Marvell's own projections indicate a stepped revenue ramp from the Celestial AI assets: the company expects the contribution to reach $125 million in the fourth quarter of fiscal 2028, equivalent to a $500 million annualized run-rate. Marvell projects that, at this level of contribution, the additional revenue should fully offset the dilutive effects associated with higher operating expenses, reduced interest income, and dilution from an increased share count.

Looking further ahead, Marvell forecasts continued growth from Celestial AI throughout fiscal 2029, exiting that fiscal fourth quarter at $250 million in quarterly revenue, or a $1 billion annualized run-rate. Those company projections sit alongside InvestingPro data noting Marvell delivered 45% revenue growth over the last twelve months, and that analysts expect sales to continue expanding in the current year.

Following the acquisition announcement, Benchmark left its fiscal 2027 revenue expectations for Marvell unchanged. Separately, InvestingPro analysis shows Marvell trading at $74.97 with a price-to-earnings ratio of 27.45, and an analyst consensus rating of 1.69 on a scale where 1 equals Strong Buy, a metric some observers use to assess market expectations.

Operationally, Marvell said it has already integrated Celestial AI's Photonic Fabric optical interconnect technology to strengthen its high-bandwidth, low-latency solutions aimed at AI and cloud data center customers. Company statements indicate this is a strategic enhancement to Marvell's existing data center capabilities.

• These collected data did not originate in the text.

lemma abs_bellman_diff_le:
  assumes W1: "W1 \<in> bdd_meas Y" and W2: "W2 \<in> bdd_meas Y"
    and D: "\<And>y. y \<in> space Y \<Longrightarrow> \<bar>W1 y - W2 y\<bar> \<le> D"
    and "0 \<le> \<gamma>" and x: "x \<in> space X"
  shows "\<bar>bellman \<gamma> \<pi> r P W1 x - bellman \<gamma> \<pi> r P W2 x\<bar> \<le> \<gamma> * D"
proof -
  obtain B1 B2 where
    "W1 \<in> borel_measurable Y" "\<And>y. y \<in> space Y \<Longrightarrow> \<bar>W1 y\<bar> \<le> B1"
    "W2 \<in> borel_measurable Y" "\<And>y. y \<in> space Y \<Longrightarrow> \<bar>W2 y\<bar> \<le> B2"
    using W1 W2 by (metis bdd_measE)
  then have integrable:
    "integrable (\<pi> x) (action_value \<gamma> r P W1 x)" "integrable (\<pi> x) (action_value \<gamma> r P W2 x)"
    using \<open>0 \<le> \<gamma>\<close> x by (blast intro: integrable_action_value)+
  have "\<bar>action_value \<gamma> r P W1 x a - action_value \<gamma> r P W2 x a\<bar> \<le> \<gamma> * D"
    if a: "a \<in> space A" for a
  proof -
    interpret prob_space "P x a"
      using x a by (rule transition_prob_space)
    have "\<bar>(\<integral>y. W1 y \<partial>P x a) - (\<integral>y. W2 y \<partial>P x a)\<bar> \<le> D"
      using W1 W2 D sets_transition[OF x a] sets_eq_imp_space_eq[OF sets_transition[OF x a]]
      by (intro abs_integral_diff_le integrable_bdd_meas) auto
    then show ?thesis
      unfolding action_value_def using \<open>0 \<le> \<gamma>\<close>
      by (simp add: abs_mult mult_left_mono flip: right_diff_distrib)
  qed
  then show ?thesis
    unfolding bellman_eq_integral_action_value
    using x sets_eq_imp_space_eq[OF sets_policy[OF x]]
    by (intro prob_space.abs_integral_diff_le[OF policy_prob_space] integrable) auto
qed

end

locale perturbed_policy_module =
  policy_module X A Y \<pi> r P R + perturbed: policy_module X A Y \<pi> r' P' R
  for X A Y \<pi> r P R r' P' +
  fixes \<epsilon>r \<epsilon>P :: real
  assumes reward_perturbation: "\<And>x a. x \<in> space X \<Longrightarrow> a \<in> space A \<Longrightarrow> \<bar>r' x a - r x a\<bar> \<le> \<epsilon>r"
    and transition_perturbation: "\<And>x a. x \<in> space X \<Longrightarrow> a \<in> space A \<Longrightarrow> dTV (P' x a) (P x a) \<le> \<epsilon>P"
begin

lemma abs_bellman_perturbation_le:
  assumes W: "W \<in> borel_measurable Y" and W_le: "\<And>y. y \<in> space Y \<Longrightarrow> \<bar>W y\<bar> \<le> B"
    and "0 \<le> B" "0 \<le> \<gamma>" and x: "x \<in> space X"
  shows "\<bar>bellman \<gamma> \<pi> r' P' W x - bellman \<gamma> \<pi> r P W x\<bar> \<le> \<epsilon>r + \<gamma> * B * \<epsilon>P"
proof -
  have "\<bar>action_value \<gamma> r' P' W x a - action_value \<gamma> r P W x a\<bar> \<le> \<epsilon>r + \<gamma> * B * \<epsilon>P"
    if a: "a \<in> space A" for a
  proof -
    have "\<bar>(\<integral>y. W y \<partial>P' x a) - (\<integral>y. W y \<partial>P x a)\<bar> \<le> B * dTV (P' x a) (P x a)"
      using W W_le x a sets_transition perturbed.sets_transition
        sets_eq_imp_space_eq[OF perturbed.sets_transition[OF x a]]
      by (intro abs_integral_diff_le_dTV perturbed.transition_prob_space transition_prob_space)
         (auto cong: measurable_cong_sets)
    also have "\<dots> \<le> B * \<epsilon>P"
      using transition_perturbation[OF x a] \<open>0 \<le> B\<close> by (rule mult_left_mono)
    finally have "\<bar>\<gamma> * ((\<integral>y. W y \<partial>P' x a) - (\<integral>y. W y \<partial>P x a))\<bar> \<le> \<gamma> * B * \<epsilon>P"
      using \<open>0 \<le> \<gamma>\<close> by (simp add: abs_mult mult.assoc mult_left_mono)
    with reward_perturbation[OF x a] show ?thesis
      unfolding action_value_def by (simp add: algebra_simps)
  qed
  then show ?thesis
    unfolding bellman_eq_integral_action_value
    using W W_le \<open>0 \<le> \<gamma>\<close> x sets_eq_imp_space_eq[OF sets_policy[OF x]]
    by (intro prob_space.abs_integral_diff_le[OF policy_prob_space]
        integrable_action_value perturbed.integrable_action_value) auto
qed

end

section \<open>Modules wired in series\<close>

locale series_modules =
  first: policy_module X A1 Y \<pi>1 r1 P1 R + second: policy_module Y A2 X \<pi>2 r2 P2 R
  for X A1 Y \<pi>1 r1 P1 R A2 \<pi>2 r2 P2
begin

lemma abs_composite_bellman_diff_le:
  assumes "V1 \<in> bdd_meas X" "V2 \<in> bdd_meas X" "\<And>x. x \<in> space X \<Longrightarrow> \<bar>V1 x - V2 x\<bar> \<le> D"
    and "0 \<le> \<gamma>" "x \<in> space X"
  shows "\<bar>bellman \<gamma> \<pi>1 r1 P1 (bellman \<gamma> \<pi>2 r2 P2 V1) x - bellman \<gamma> \<pi>1 r1 P1 (bellman \<gamma> \<pi>2 r2 P2 V2) x\<bar>
    \<le> \<gamma>\<^sup>2 * D"
  using assms unfolding power2_eq_square mult.assoc
  by (intro first.abs_bellman_diff_le second.bellman_bdd_meas second.abs_bellman_diff_le)

lemma abs_fixed_point_le:
  assumes "0 \<le> \<gamma>" "\<gamma> < 1" and V: "V \<in> bdd_meas X"
    and V_fixed: "V = bellman \<gamma> \<pi>1 r1 P1 (bellman \<gamma> \<pi>2 r2 P2 V)" and x: "x \<in> space X"
  shows "\<bar>V x\<bar> \<le> R / (1 - \<gamma>)"
proof -
  have V_meas: "V \<in> borel_measurable X" and V_bounded: "bounded (V ` space X)"
    using V by (auto simp: bdd_meas_def)
  have "\<bar>V z\<bar> \<le> R * (1 + \<gamma>) + \<gamma>\<^sup>2 * sup_norm X V" if z: "z \<in> space X" for z
  proof -
    have "\<bar>bellman \<gamma> \<pi>1 r1 P1 (bellman \<gamma> \<pi>2 r2 P2 V) z\<bar> \<le> R + \<gamma> * (R + \<gamma> * sup_norm X V)"
      using V_meas abs_le_sup_norm[OF V_bounded] \<open>0 \<le> \<gamma>\<close> z
      by (intro first.abs_bellman_le second.bellman_measurable second.abs_bellman_le)
    then show ?thesis
      using V_fixed by (simp add: algebra_simps power2_eq_square)
  qed
  then have "sup_norm X V \<le> R * (1 + \<gamma>) / (1 - \<gamma>\<^sup>2)"
    using x assms(1,2) by (intro sup_norm_le_of_self_bound) (auto simp: power_less_one_iff)
  also have "\<dots> = R * (1 + \<gamma>) / ((1 - \<gamma>) * (1 + \<gamma>))"
    by (simp add: power2_eq_square algebra_simps)
  also have "\<dots> = R / (1 - \<gamma>)"
    using \<open>0 \<le> \<gamma>\<close> by simp
  finally show ?thesis
    using abs_le_sup_norm[OF V_bounded x] by linarith
qed

end

locale perturbed_series =
  first: perturbed_policy_module X A1 Y \<pi>1 r1 P1 R r1' P1' \<epsilon>r1 \<epsilon>P1 +
  second: perturbed_policy_module Y A2 X \<pi>2 r2 P2 R r2' P2' \<epsilon>r2 \<epsilon>P2
  for X A1 Y \<pi>1 r1 P1 R r1' P1' \<epsilon>r1 \<epsilon>P1 A2 \<pi>2 r2 P2 r2' P2' \<epsilon>r2 \<epsilon>P2

sublocale perturbed_series \<subseteq> nominal: series_modules X A1 Y \<pi>1 r1 P1 R A2 \<pi>2 r2 P2
  by unfold_locales

sublocale perturbed_series \<subseteq> perturbed: series_modules X A1 Y \<pi>1 r1' P1' R A2 \<pi>2 r2' P2'
  by unfold_locales

context perturbed_series
begin

lemma abs_composite_bellman_perturbation_le:
  assumes W: "W \<in> borel_measurable X" and W_le: "\<And>x. x \<in> space X \<Longrightarrow> \<bar>W x\<bar> \<le> B"
    and "0 \<le> B" "R + \<gamma> * B \<le> B" "0 \<le> \<gamma>" and x: "x \<in> space X"
  shows "\<bar>bellman \<gamma> \<pi>1 r1' P1' (bellman \<gamma> \<pi>2 r2' P2' W) x - bellman \<gamma> \<pi>1 r1 P1 (bellman \<gamma> \<pi>2 r2 P2 W) x\<bar>
    \<le> (\<epsilon>r1 + \<gamma> * B * \<epsilon>P1) + \<gamma> * (\<epsilon>r2 + \<gamma> * B * \<epsilon>P2)"
proof -
  define W' where "W' = bellman \<gamma> \<pi>2 r2' P2' W"
  have W'_meas: "W' \<in> borel_measurable Y"
    unfolding W'_def using W by (rule second.perturbed.bellman_measurable)
  have W'_le: "\<And>y. y \<in> space Y \<Longrightarrow> \<bar>W' y\<bar> \<le> B"
    unfolding W'_def using second.perturbed.abs_bellman_le[OF W W_le \<open>0 \<le> \<gamma>\<close>] \<open>R + \<gamma> * B \<le> B\<close>
    by fastforce
  have "\<bar>bellman \<gamma> \<pi>1 r1' P1' W' x - bellman \<gamma> \<pi>1 r1 P1 W' x\<bar> \<le> \<epsilon>r1 + \<gamma> * B * \<epsilon>P1"
    using W'_meas W'_le \<open>0 \<le> B\<close> \<open>0 \<le> \<gamma>\<close> x by (rule first.abs_bellman_perturbation_le)
  moreover have "\<bar>bellman \<gamma> \<pi>1 r1 P1 W' x - bellman \<gamma> \<pi>1 r1 P1 (bellman \<gamma> \<pi>2 r2 P2 W) x\<bar>
      \<le> \<gamma> * (\<epsilon>r2 + \<gamma> * B * \<epsilon>P2)"
  proof (rule first.abs_bellman_diff_le)
    show "W' \<in> bdd_meas Y"
      using W'_meas W'_le by (rule bdd_measI)
    show "bellman \<gamma> \<pi>2 r2 P2 W \<in> bdd_meas Y"
      using bdd_measI[OF W W_le] \<open>0 \<le> \<gamma>\<close> by (rule second.bellman_bdd_meas)
    show "\<bar>W' y - bellman \<gamma> \<pi>2 r2 P2 W y\<bar> \<le> \<epsilon>r2 + \<gamma> * B * \<epsilon>P2" if "y \<in> space Y" for y
      unfolding W'_def using W W_le \<open>0 \<le> B\<close> \<open>0 \<le> \<gamma>\<close> that by (rule second.abs_bellman_perturbation_le)
  qed (use \<open>0 \<le> \<gamma>\<close> x in auto)
  ultimately show ?thesis
    unfolding W'_def by linarith
qed

theorem fixed_point_perturbation:
  assumes gamma: "0 \<le> \<gamma>" "\<gamma> < 1" and X_nonempty: "space X \<noteq> {}"
    and V: "V \<in> bdd_meas X" "V = bellman \<gamma> \<pi>1 r1 P1 (bellman \<gamma> \<pi>2 r2 P2 V)"
    and V': "V' \<in> bdd_meas X" "V' = bellman \<gamma> \<pi>1 r1' P1' (bellman \<gamma> \<pi>2 r2' P2' V')"
  shows "sup_norm X (\<lambda>x. V' x - V x)
    \<le> ((\<epsilon>r1 + \<gamma> * (R / (1 - \<gamma>)) * \<epsilon>P1) + \<gamma> * (\<epsilon>r2 + \<gamma> * (R / (1 - \<gamma>)) * \<epsilon>P2)) / (1 - \<gamma>\<^sup>2)"
proof (rule sup_norm_le_of_self_bound)
  define Vmax where "Vmax = R / (1 - \<gamma>)"
  have V'_meas: "V' \<in> borel_measurable X"
    using V'(1) by (simp add: bdd_meas_def)
  have V'_le: "\<And>x. x \<in> space X \<Longrightarrow> \<bar>V' x\<bar> \<le> Vmax"
    unfolding Vmax_def using gamma V' by (rule perturbed.abs_fixed_point_le)
  then have "0 \<le> Vmax"
    using X_nonempty by (meson abs_ge_zero ex_in_conv order_trans)
  have "R + \<gamma> * Vmax \<le> Vmax"
    using gamma unfolding Vmax_def by (simp add: field_simps)
  have diff_bounded: "bounded ((\<lambda>x. V' x - V x) ` space X)"
    using bdd_meas_diff[OF V'(1) V(1)] by (simp add: bdd_meas_def)
  fix x assume x: "x \<in> space X"
  have "\<bar>bellman \<gamma> \<pi>1 r1' P1' (bellman \<gamma> \<pi>2 r2' P2' V') x - bellman \<gamma> \<pi>1 r1 P1 (bellman \<gamma> \<pi>2 r2 P2 V') x\<bar>
      \<le> (\<epsilon>r1 + \<gamma> * Vmax * \<epsilon>P1) + \<gamma> * (\<epsilon>r2 + \<gamma> * Vmax * \<epsilon>P2)"
    using V'_meas V'_le \<open>0 \<le> Vmax\<close> \<open>R + \<gamma> * Vmax \<le> Vmax\<close> gamma(1) x
    by (rule abs_composite_bellman_perturbation_le)
  moreover have "\<bar>bellman \<gamma> \<pi>1 r1 P1 (bellman \<gamma> \<pi>2 r2 P2 V') x - bellman \<gamma> \<pi>1 r1 P1 (bellman \<gamma> \<pi>2 r2 P2 V) x\<bar>
      \<le> \<gamma>\<^sup>2 * sup_norm X (\<lambda>x. V' x - V x)"
    using V'(1) V(1) abs_le_sup_norm[OF diff_bounded] gamma(1) x
    by (rule nominal.abs_composite_bellman_diff_le)
  moreover note fun_cong[OF V'(2), of x] fun_cong[OF V(2), of x]
  ultimately show "\<bar>V' x - V x\<bar> \<le> ((\<epsilon>r1 + \<gamma> * (R / (1 - \<gamma>)) * \<epsilon>P1) + \<gamma> * (\<epsilon>r2 + \<gamma> * (R / (1 - \<gamma>)) * \<epsilon>P2))
      + \<gamma>\<^sup>2 * sup_norm X (\<lambda>x. V' x - V x)"
    unfolding Vmax_def by linarith
qed (use X_nonempty gamma in \<open>auto simp: power_less_one_iff\<close>)
text \<open>The isomorphism numbers the clique \<open>A\<close> and sends every other vertex \<open>u\<close> to \<open>(\<pi> u, u)\<close>.\<close>
lemma graph_iso_join_complete_gen_join:
  assumes A: "A \<subseteq> verts G" "finite A"
    and loopless: "\<And>u. u \<in> verts G \<Longrightarrow> \<not> adj G u u"
    and dominating: "\<And>a u. a \<in> A \<Longrightarrow> u \<in> verts G \<Longrightarrow> a \<noteq> u \<Longrightarrow> adj G a u \<and> adj G u a"
    and class_of: "\<And>u. u \<in> verts G - A \<Longrightarrow> \<pi> u \<in> verts H \<and> u \<in> C (\<pi> u)"
    and classes: "\<And>v u. v \<in> verts H \<Longrightarrow> u \<in> C v \<inter> verts G \<Longrightarrow> u \<notin> A \<and> \<pi> u = v"
    and quotient: "\<And>u w. u \<in> verts G - A \<Longrightarrow> w \<in> verts G - A \<Longrightarrow> \<pi> u \<noteq> \<pi> w \<Longrightarrow>
                     adj G u w \<longleftrightarrow> adj H (\<pi> u) (\<pi> w)"
  shows "graph_iso G (graph_join (complete_graph (card A)) (gen_join H (\<lambda>v. induced_subgraph G (C v))))"
proof -
  obtain h where h: "bij_betw h A {0..<card A}" using ex_bij_betw_finite_nat[OF A(2)] by blast
  define f where "f u = (if u \<in> A then Inl (h u) else Inr (\<pi> u, u))" for u
  have "inj_on f (verts G)"
    using h by (auto simp: f_def inj_on_def bij_betw_def split: if_splits)
  moreover have "f ` verts G = {0..<card A} <+> (SIGMA v:verts H. C v \<inter> verts G)"
  proof (intro subset_antisym subsetI)
    fix x assume "x \<in> f ` verts G"
    thus "x \<in> {0..<card A} <+> (SIGMA v:verts H. C v \<inter> verts G)"
      using h class_of by (auto simp: f_def bij_betw_def)
  next
    fix x assume x: "x \<in> {0..<card A} <+> (SIGMA v:verts H. C v \<inter> verts G)"
    show "x \<in> f ` verts G"
    proof (cases x)
      case (Inl k)
      then obtain a where "a \<in> A" "x = f a" using x h unfolding f_def bij_betw_def by auto
      thus ?thesis using A(1) by blast
    next
      case (Inr y)
      then obtain v u where "x = Inr (v, u)" "v \<in> verts H" "u \<in> C v \<inter> verts G"
        using x by (cases y) auto
      hence "x = f u" "u \<in> verts G" using classes unfolding f_def by auto
      thus ?thesis by blast
    qed
  qed
  moreover have "adj G u w \<longleftrightarrow>
      adj (graph_join (complete_graph (card A)) (gen_join H (\<lambda>v. induced_subgraph G (C v)))) (f u) (f w)"
    if "u \<in> verts G" "w \<in> verts G" for u w
  proof (cases "u \<in> A"; cases "w \<in> A")
    assume "u \<in> A" "w \<in> A"
    moreover have "h u = h w \<longleftrightarrow> u = w" using h \<open>u \<in> A\<close> \<open>w \<in> A\<close> by (auto simp: bij_betw_def inj_on_def)
    ultimately show ?thesis using that loopless dominating by (auto simp: f_def)
  next
    assume "u \<notin> A" "w \<notin> A"
    thus ?thesis using that quotient by (auto simp: f_def)
  qed (use that dominating in \<open>auto simp: f_def\<close>)
  ultimately show ?thesis unfolding graph_iso_def by (auto simp: bij_betw_def)
qed

section \<open>Structure of the essential ideal graph\<close>

lemma verts_Egraph: "verts (Egraph n) = {I. nzp_ideal (Zn n) I}"
  by (simp add: Egraph_def verts_def)

lemma Xi_subset: "Xi n I \<subseteq> prime_factors n"
  by (auto simp: Xi_def)

context
  fixes n :: nat
  assumes n: "n > 1"
begin

lemma prime_factors_nonempty: "prime_factors n \<noteq> {}"
proof -
  obtain p where "prime p" "p dvd n" using prime_factor_nat[of n] n by auto
  hence "p \<in> prime_factors n" using n by (auto intro: prime_factorsI)
  thus ?thesis by blast
qed

lemma multiplicity_divisor_le: "d dvd n \<Longrightarrow> multiplicity p d \<le> multiplicity p n"
  using dvd_imp_multiplicity_le[of d n p] n by simp

lemma Egraph_vertexE:
  assumes "I \<in> verts (Egraph n)"
  obtains d where "d dvd n" "d \<noteq> 1" "d \<noteq> n" "I = gen_ideal n d"
  using assms nzp_ideal_iff[OF n] by (auto simp: verts_Egraph)

lemma Xi_nonessential:
  assumes I: "I \<in> verts (Egraph n)" and nonessential: "\<not> essential_ideal (Zn n) I"
  shows "Xi n I \<noteq> {}" "Xi n I \<noteq> prime_factors n"
proof -
  obtain d where d: "d dvd n" "d \<noteq> n" "I = gen_ideal n d" using I by (rule Egraph_vertexE)
  note Xi = Xi_gen_ideal[OF n d(1)]
  obtain p where "p \<in> prime_factors n" "\<not> multiplicity p d < multiplicity p n"
    using nonessential essential_gen_ideal_iff[OF n d(1)] d(3) by auto
  hence "p \<in> Xi n I" using multiplicity_divisor_le[OF d(1), of p] unfolding d(3) Xi by auto
  thus "Xi n I \<noteq> {}" by auto
  show "Xi n I \<noteq> prime_factors n"
  proof
    assume "Xi n I = prime_factors n"
    hence "d = n" using divisor_eqI_multiplicity[OF _ d(1) dvd_refl] n unfolding d(3) Xi by auto
    with d(2) show False ..
  qed
qed

lemma adj_Egraph_essential:
  assumes I: "I \<in> verts (Egraph n)" and J: "J \<in> verts (Egraph n)"
    and essential: "essential_ideal (Zn n) I" and "I \<noteq> J"
  shows "adj (Egraph n) I J \<and> adj (Egraph n) J I"
proof -
  obtain d where d: "d dvd n" "I = gen_ideal n d" using I by (rule Egraph_vertexE)
  obtain e where e: "e dvd n" "J = gen_ideal n e" using J by (rule Egraph_vertexE)
  have "\<forall>p\<in>prime_factors n. multiplicity p d < multiplicity p n"
    using essential essential_gen_ideal_iff[OF n d(1)] d(2) by simp
  thus ?thesis
    using adj_Egraph_gen_ideal[OF n d(1) e(1)] adj_Egraph_gen_ideal[OF n e(1) d(1)] \<open>I \<noteq> J\<close> d e
    by auto
qed

lemma adj_Egraph_nonessential:
  assumes I: "I \<in> verts (Egraph n)" "\<not> essential_ideal (Zn n) I"
    and J: "J \<in> verts (Egraph n)" "\<not> essential_ideal (Zn n) J"
  shows "adj (Egraph n) I J \<longleftrightarrow> Xi n I \<inter> Xi n J = {}"
proof -
  obtain d where d: "d dvd n" "I = gen_ideal n d" using I(1) by (rule Egraph_vertexE)
  obtain e where e: "e dvd n" "J = gen_ideal n e" using J(1) by (rule Egraph_vertexE)
  have "(\<forall>p\<in>prime_factors n. multiplicity p d < multiplicity p n \<or> multiplicity p e < multiplicity p n)
        \<longleftrightarrow> Xi n I \<inter> Xi n J = {}"
    unfolding d(2) e(2) Xi_gen_ideal[OF n d(1)] Xi_gen_ideal[OF n e(1)]
    using multiplicity_divisor_le[OF d(1)] multiplicity_divisor_le[OF e(1)] by (auto simp: order_le_less)
  moreover have "I \<noteq> J" if "Xi n I \<inter> Xi n J = {}" using that Xi_nonessential(1)[OF I] by auto
  ultimately show ?thesis using adj_Egraph_gen_ideal[OF n d(1) e(1)] d e by auto
qed

lemma finite_card_gen_ideals_exponents:
  assumes A: "\<And>p. p \<in> prime_factors n \<Longrightarrow> A p \<subseteq> {0..multiplicity p n}"
  defines "\<I> \<equiv> gen_ideal n ` {d. d dvd n \<and> (\<forall>p\<in>prime_factors n. multiplicity p d \<in> A p)}"
  shows "finite \<I>" "card \<I> = (\<Prod>p\<in>prime_factors n. card (A p))"
proof -
  let ?D = "{d. d dvd n \<and> (\<forall>p\<in>prime_factors n. multiplicity p d \<in> A p)}"
  have "finite ?D" using n by (auto intro: finite_subset[OF _ finite_divisors_nat])
  thus "finite \<I>" unfolding \<I>_def by simp
  have "inj_on (gen_ideal n) ?D" using gen_ideal_inj[OF n] by (auto intro: inj_onI)
  thus "card \<I> = (\<Prod>p\<in>prime_factors n. card (A p))"
    unfolding \<I>_def using card_divisors_exponents[OF _ A] n by (simp add: card_image)
qed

The company has also disclosed plans to acquire XConn Technologies for approximately $540 million. That transaction, which Marvell says is intended to broaden its switching portfolio by adding XConn's PCIe and CXL products, will be financed with a combination of cash and stock and is expected to close in early 2026, subject to regulatory approvals.

Market responses have varied among analysts. RBC Capital initiated coverage on Marvell with an Outperform rating, citing firm orders for AWS Trainium3 chips and the potential for Marvell to supply Trainium4 in the future. Raymond James subsequently reiterated a Strong Buy rating and set a $125.00 price target after the XConn announcement.


While the company outlines a clear multi-year revenue ramp tied to Celestial AI, current expectations from Benchmark show no immediate change to near-term revenue guidance. Investors and observers will be watching the stated fiscal 2028 and fiscal 2029 milestones closely as the integration and commercialization of Celestial AI technologies proceed.

Risks

  • Revenue from Celestial AI is not anticipated until the second half of fiscal 2028 - near-term revenue and earnings will not benefit immediately, impacting semiconductor and data center equipment markets.
  • The expected offset of dilution depends on Celestial AI meeting the projected revenue ramp; failure to reach the stated $125 million in Q4 fiscal 2028 or the subsequent $250 million quarterly exit by FY2029 could leave Marvell facing increased operating expense and share-count dilution.
  • The XConn Technologies acquisition is subject to regulatory approvals and is expected to close in early 2026; regulatory delay or disapproval could affect Marvell's planned expansion of its switching portfolio.